Stored items

(* Let $x\in\mathbb{R}^I$ and an admissible system $\pi=(\Omega,\mathcal{F},(\mathcal{F}_t),P,U,W)$ be given. Then there exists a controlled process $X$ associated with $x$ and $\pi$, i.e., a continuous $(\mathcal{F}_t)$-adapted process with $\int_0^t|b(X(s),U(s))|ds<\infty$ $P$-a.s. and $X(t)=x+rW(t)+\int_0^tb(X(s),U(s))ds$ for $0\le t<\infty$. Moreover, if $X$ and $\bar X$ are both controlled processes associated with $x$ and $\pi$, then $X(t)=\bar X(t)$ for all $t\ge0$, $P$-a.s.
   Context: Let $I,J\ge1$, $\mathcal{I}=\{1,\dots,I\}$, $\mathcal{J}=\{I+1,\dots,I+J\}$, $\mathcal{E}\subset\mathcal{I}\times\mathcal{J}$, $i\sim j$ iff $(i,j)\in\mathcal{E}$; the bipartite graph $\mathcal{T}$ on $\mathcal{I}\cup\mathcal{J}$ with edges $\mathcal{E}$ is a tree. Constants: $\mu_{ij}>0$ for $(i,j)\in\mathcal{E}$, $\mu_{ij}=0$ otherwise; $\theta_i\ge0$, $r_i>0$, $\ell_i\in\mathbb{R}$; $r=\mathrm{diag}(r_i)$. $e=(1,\dots,1)'$. $\mathbb{U}=\{(u,v)\in\mathbb{R}^I\times\mathbb{R}^J:u_i,v_j\ge0,\ e\cdot u=e\cdot v=1\}$. Since $\mathcal{T}$ is a tree, for $\alpha\in\mathbb{R}^I,\beta\in\mathbb{R}^J$ with $\sum\alpha_i=\sum\beta_j$ there is a unique $\psi=G(\alpha,\beta)$ with $\psi_{ij}=0$ for $i\not\sim j$, $\sum_j\psi_{ij}=\alpha_i$, $\sum_i\psi_{ij}=\beta_j$ ($G$ is linear). Put $\widehat G(x,U)=G(x-(e\cdot x)^+u,-(e\cdot x)^-v)$ for $U=(u,v)\in\mathbb{U}$, and $b_i(x,U)=-\sum_j\mu_{ij}\widehat G(x,U)_{ij}-\theta_i(e\cdot x)^+u_i+\ell_i$, $b=(b_i)$. An admissible system $\pi=(\Omega,\mathcal{F},(\mathcal{F}_t),P,U,W)$ consists of a complete filtered probability space, an $(\mathcal{F}_t)$-progressively measurable $\mathbb{U}$-valued process $U$ and a standard $I$-dimensional $(\mathcal{F}_t)$-Brownian motion $W$. *)

theory Defs
  imports "HOL-Probability.Probability"
begin

definition adj :: "('i \<times> 'j) set \<Rightarrow> ('i + 'j) \<Rightarrow> ('i + 'j) \<Rightarrow> bool" where
  "adj E v w \<longleftrightarrow> (\<exists>i j. (i, j) \<in> E \<and> ((v = Inl i \<and> w = Inr j) \<or> (v = Inr j \<and> w = Inl i)))"

text \<open>A graph is a tree iff it is connected and acyclic; acyclic means every
  edge is a bridge (removing it disconnects its end points).\<close>

definition is_tree :: "('i \<times> 'j) set \<Rightarrow> bool" where
  "is_tree E \<longleftrightarrow>
     (\<forall>v w. (adj E)\<^sup>*\<^sup>* v w) \<and>
     (\<forall>e\<in>E. \<not> (adj (E - {e}))\<^sup>*\<^sup>* (Inl (fst e)) (Inr (snd e)))"

definition G :: "('i::finite \<times> 'j::finite) set \<Rightarrow> real^'i \<Rightarrow> real^'j \<Rightarrow> ('i \<Rightarrow> 'j \<Rightarrow> real)" where
  "G E \<alpha> \<beta> = (THE \<psi>. (\<forall>i j. (i, j) \<notin> E \<longrightarrow> \<psi> i j = 0) \<and>
                      (\<forall>i. (\<Sum>j\<in>UNIV. \<psi> i j) = \<alpha> $ i) \<and>
                      (\<forall>j. (\<Sum>i\<in>UNIV. \<psi> i j) = \<beta> $ j))"
text \<open>A subfunctor \<open>H(\<gamma>;-) \<subseteq> H(r\<^sup>e;-)\<close> contains \<open>\<gamma>\<close> itself, so \<open>\<gamma> = \<rho>\<^sup>y\<close> with \<open>y \<in> eS\<close>,
  and then \<open>H(\<gamma>;-) = H(r\<^sup>k;-)\<close> for any \<open>k \<in> E(R_y)\<close>.\<close>
lemma NLsub_Hfun_rcone_obtains:
  assumes e: "e \<in> Eset" and n: "normal_cone \<gamma> d" and sub: "NLsub (Hfun \<gamma>) (Hfun (rcone (e::'a)))"
  obtains k where "k \<in> Eset" "e * k = k" "Hfun \<gamma> = Hfun (rcone k)"
proof -
  have "d \<in> Lobj" using n by (simp add: normal_cone_def)
  then obtain a where a: "a \<in> Eset" "d = Lcls a" by (rule LobjE)
  have La: "Lcls a \<in> Lobj" using a by (simp add: Lcls_in_Lobj)
  obtain \<tau> where \<tau>: "NLis_incl (Hfun \<gamma>) (Hfun (rcone e)) \<tau>" using sub by (auto simp: NLsub_def)
  have "\<gamma> \<in> Hset \<gamma> (Lcls a)" using normal_cone_in_Hset n a by simp
  then have "\<tau> (Lcls a) \<gamma> = \<gamma>" "\<tau> (Lcls a) \<gamma> \<in> Hset (rcone e) (Lcls a)"
    using \<tau> NLhom_mapsto[of \<tau> "Hfun \<gamma>" "Hfun (rcone e)" "Lcls a" \<gamma>] La
    by (simp_all add: NLis_incl_def Hfun_fst)
  then obtain y where y: "(e, y, a) \<in> Ltrip" "\<gamma> = pcone y"
    using Hset_rcone[OF e a(1)] by auto
  then have "Lrel a y" using normal_cone_pcone_Lrel n a by simp
  then have \<gamma>: "\<gamma> = pcone_at y a" using pcone_at_eq_pcone[OF a(1)] y(2) by simp
  obtain k x where k: "k \<in> Eset" "k * y = y" "k = y * x"
    using Rrel_idempotent_exists by blast
  have "apex (pcone_at y a) = Lcls a" using apex_eq n a \<gamma> by simp
  then have "Hfun \<gamma> = Hfun (rcone k)"
    using Hfun_pcone_at_eq_rcone[OF a(1) \<open>Lrel a y\<close> _ k] \<gamma> by simp
  moreover have "e * k = k" using k(3) y(1) by (simp add: Ltrip_iff mult.assoc[symmetric])
  ultimately show ?thesis using k(1) that by blast
qed

lemma Gamma_obj_bij_betw_ideal:
  assumes e: "e \<in> Eset"
  shows "bij_betw Gamma_obj {d \<in> Robj. Rsub d (Rcls e)} {G \<in> NLobj. NLsub G (Gamma_obj (Rcls (e::'a)))}"
proof -
  let ?K = "{k \<in> Eset. e * k = k}"
  have ideal: "{d \<in> Robj. Rsub d (Rcls e)} = Rcls ` ?K"
    using Rsub_Rcls_iff[OF e] Rcls_in_Robj by auto
  have Gamma: "Gamma_obj (Rcls k) = Hfun (rcone k)" if "k \<in> Eset" for k :: 'a
    using Gamma_obj_Rcls[OF that] .
  have "inj_on Gamma_obj (Rcls ` ?K)"
  proof (rule inj_onI, clarify)
    fix k k' assume k: "k \<in> Eset" "e * k = k" "k' \<in> Eset" "e * k' = k'"
      and "Gamma_obj (Rcls k) = Gamma_obj (Rcls k')"
    then have "Hfun (rcone k) = Hfun (rcone k')" using Gamma by simp
    then have "k' * k = k" "k * k' = k'"
      using Hfun_rcone_eq_imp_left_unit[OF e] k by metis+
    then show "Rcls k = Rcls k'" using k by (simp add: Rcls_eq_iff Rrel_Eset_iff)
  qed
  moreover have "Gamma_obj ` Rcls ` ?K = {G \<in> NLobj. NLsub G (Gamma_obj (Rcls e))}"
  proof (intro equalityI subsetI)
    fix G assume "G \<in> Gamma_obj ` Rcls ` ?K"
    then obtain k where k: "k \<in> Eset" "e * k = k" "G = Hfun (rcone k)" using Gamma by auto
    then show "G \<in> {G \<in> NLobj. NLsub G (Gamma_obj (Rcls e))}"
      using rcone_normal[OF k(1)] Gamma_formula_is_incl[OF k(1) e k(2)] Gamma[OF e]
      by (auto simp: NLobj_def NLsub_def is_normal_cone_def)
  next
    fix G assume "G \<in> {G \<in> NLobj. NLsub G (Gamma_obj (Rcls e))}"
    then obtain \<gamma> d where "G = Hfun \<gamma>" "normal_cone \<gamma> d" "NLsub G (Hfun (rcone e))"
      using Gamma[OF e] by (auto simp: NLobj_def is_normal_cone_def)
    then obtain k where "k \<in> ?K" "G = Hfun (rcone k)"
      using NLsub_Hfun_rcone_obtains[OF e] by (metis (mono_tags, lifting) mem_Collect_eq)
    then show "G \<in> Gamma_obj ` Rcls ` ?K" using Gamma by (metis (no_types, lifting) image_eqI mem_Collect_eq)
  qed
  ultimately show ?thesis unfolding ideal bij_betw_def by blast
qed

lemma Gamma_obj_in_NLobj: "c \<in> Robj \<Longrightarrow> Gamma_obj c \<in> (NLobj :: 'a Sfun set)"
  using Gamma_obj_Rcls rcone_normal by (auto simp: NLobj_def is_normal_cone_def elim!: RobjE)

lemma Gamma_mor_idem: "e \<in> Eset \<Longrightarrow> Gamma_mor (lmor e e (e::'a)) = NLid (Gamma_obj (Rcls e))"
  using Gamma_mor_lmor Gamma_formula_idem Gamma_obj_Rcls
  by (simp add: Rtrip_iff Eset_iff)

lemma Gamma_mor_Rcomp:
  assumes m: "m \<in> Rhom c d" and n: "n \<in> Rhom d (d'::'a set)"
  shows "Gamma_mor (Rcomp m n) = NLcomp (Gamma_obj c) (Gamma_mor m) (Gamma_mor n)"
proof -
  obtain e u f where t: "(e, u, f) \<in> Rtrip" "c = Rcls e" "d = Rcls f" "m = lmor e u f"
    using m by (rule RhomE)
  obtain g where g: "g \<in> Eset" "d' = Rcls g" using n by (auto elim!: RhomE simp: Rtrip_iff)
  obtain v where v: "(f, v, g) \<in> Rtrip" "n = lmor f v g"
    using n t g Rhom_Rcls_iff[of f g] by (auto simp: Rtrip_iff)
  have "(e, v * u, g) \<in> Rtrip" using t v by (auto simp: Rtrip_iff) (metis mult.assoc)+
  then show ?thesis
    using Rcomp_lmor[OF t(1) v(1)] Gamma_formula_comp[OF t(1) v(1)] t v
      Gamma_obj_Rcls by (simp add: Gamma_mor_lmor Rtrip_iff)
qed

lemma Gamma_mor_Rincl:
  assumes "Rsub c (d::'a set)"
  shows "NLis_incl (Gamma_obj c) (Gamma_obj d) (Gamma_mor (Rincl c d))"
proof -
  obtain k f where k: "k \<in> Eset" "f \<in> Eset" "c = Rcls k" "d = Rcls f" "f * k = k"
    using assms by (auto simp: Rsub_def)
  then have "(k, k, f) \<in> Rtrip" by (simp add: Rtrip_iff Eset_iff)
  then show ?thesis using k
    by (simp add: Rincl_Rcls Gamma_mor_lmor Gamma_obj_Rcls Gamma_formula_is_incl)
qed

lemma Gamma_mor_bij_betw:
  "c \<in> Robj \<Longrightarrow> d \<in> Robj \<Longrightarrow> bij_betw Gamma_mor (Rhom c d) (NLhom (Gamma_obj c) (Gamma_obj (d::'a set)))"
  using Gamma_mor_bij_betw_Rcls Gamma_obj_Rcls by (auto elim!: RobjE)

lemma Gamma_obj_bij_betw:
  "c \<in> Robj \<Longrightarrow> bij_betw Gamma_obj {d \<in> Robj. Rsub d c} {G \<in> NLobj. NLsub G (Gamma_obj (c::'a set))}"
  using Gamma_obj_bij_betw_ideal by (auto elim!: RobjE)

end

theorem mainTheorem17:
  fixes T :: "'a::semigroup_mult itself"
  assumes "regular_semigroup T"
  shows
    \<comment> \<open>Gamma_G is well defined by the given formulas\<close>
    "(\<forall>e \<in> (Eset :: 'a set). Gamma_obj (Rcls e) = Hfun (rcone e))
   \<and> (\<forall>(e, u, f) \<in> (Rtrip :: ('a \<times> 'a \<times> 'a) set). Gamma_mor (lmor e u f) = Gamma_formula e u f)
    \<comment> \<open>Gamma_G is a functor R_G \<rightarrow> N*L_G\<close>
   \<and> (\<forall>c \<in> (Robj :: 'a set set). Gamma_obj c \<in> NLobj)
   \<and> (\<forall>c \<in> (Robj :: 'a set set). \<forall>d \<in> Robj. \<forall>m \<in> Rhom c d.
        Gamma_mor m \<in> NLhom (Gamma_obj c) (Gamma_obj d))
   \<and> (\<forall>e \<in> (Eset :: 'a set). Gamma_mor (lmor e e e) = NLid (Gamma_obj (Rcls e)))
   \<and> (\<forall>c \<in> (Robj :: 'a set set). \<forall>d \<in> Robj. \<forall>d' \<in> Robj. \<forall>m \<in> Rhom c d. \<forall>n \<in> Rhom d d'.
        Gamma_mor (Rcomp m n) = NLcomp (Gamma_obj c) (Gamma_mor m) (Gamma_mor n))
    \<comment> \<open>local isomorphism: inclusion preserving\<close>
   \<and> (\<forall>c \<in> (Robj :: 'a set set). \<forall>d \<in> Robj. Rsub c d \<longrightarrow>
        NLis_incl (Gamma_obj c) (Gamma_obj d) (Gamma_mor (Rincl c d)))
    \<comment> \<open>fully faithful\<close>
   \<and> (\<forall>c \<in> (Robj :: 'a set set). \<forall>d \<in> Robj.
        bij_betw Gamma_mor (Rhom c d) (NLhom (Gamma_obj c) (Gamma_obj d)))
    \<comment> \<open>restriction to each ideal is bijective on objects onto the ideal of the image\<close>
   \<and> (\<forall>c \<in> (Robj :: 'a set set).
        bij_betw Gamma_obj {d \<in> Robj. Rsub d c} {G \<in> NLobj. NLsub G (Gamma_obj c)})"
proof -
  have reg: "regular_semigroup TYPE('a)" using assms by (simp add: regular_semigroup_def)
  note bij = Gamma_mor_bij_betw[OF reg]
  show ?thesis
    using Gamma_obj_Rcls[OF reg] Gamma_mor_lmor[OF reg] Gamma_obj_in_NLobj[OF reg]
      bij_betw_apply[OF bij] Gamma_mor_idem[OF reg] Gamma_mor_Rcomp[OF reg]
      Gamma_mor_Rincl[OF reg] bij Gamma_obj_bij_betw[OF reg]
    by blast
qed

end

-- What you will do --
Counting only lines that contain the word "bool", how many are there in the records above? Give the number alone.

-- Result of this exercise --
2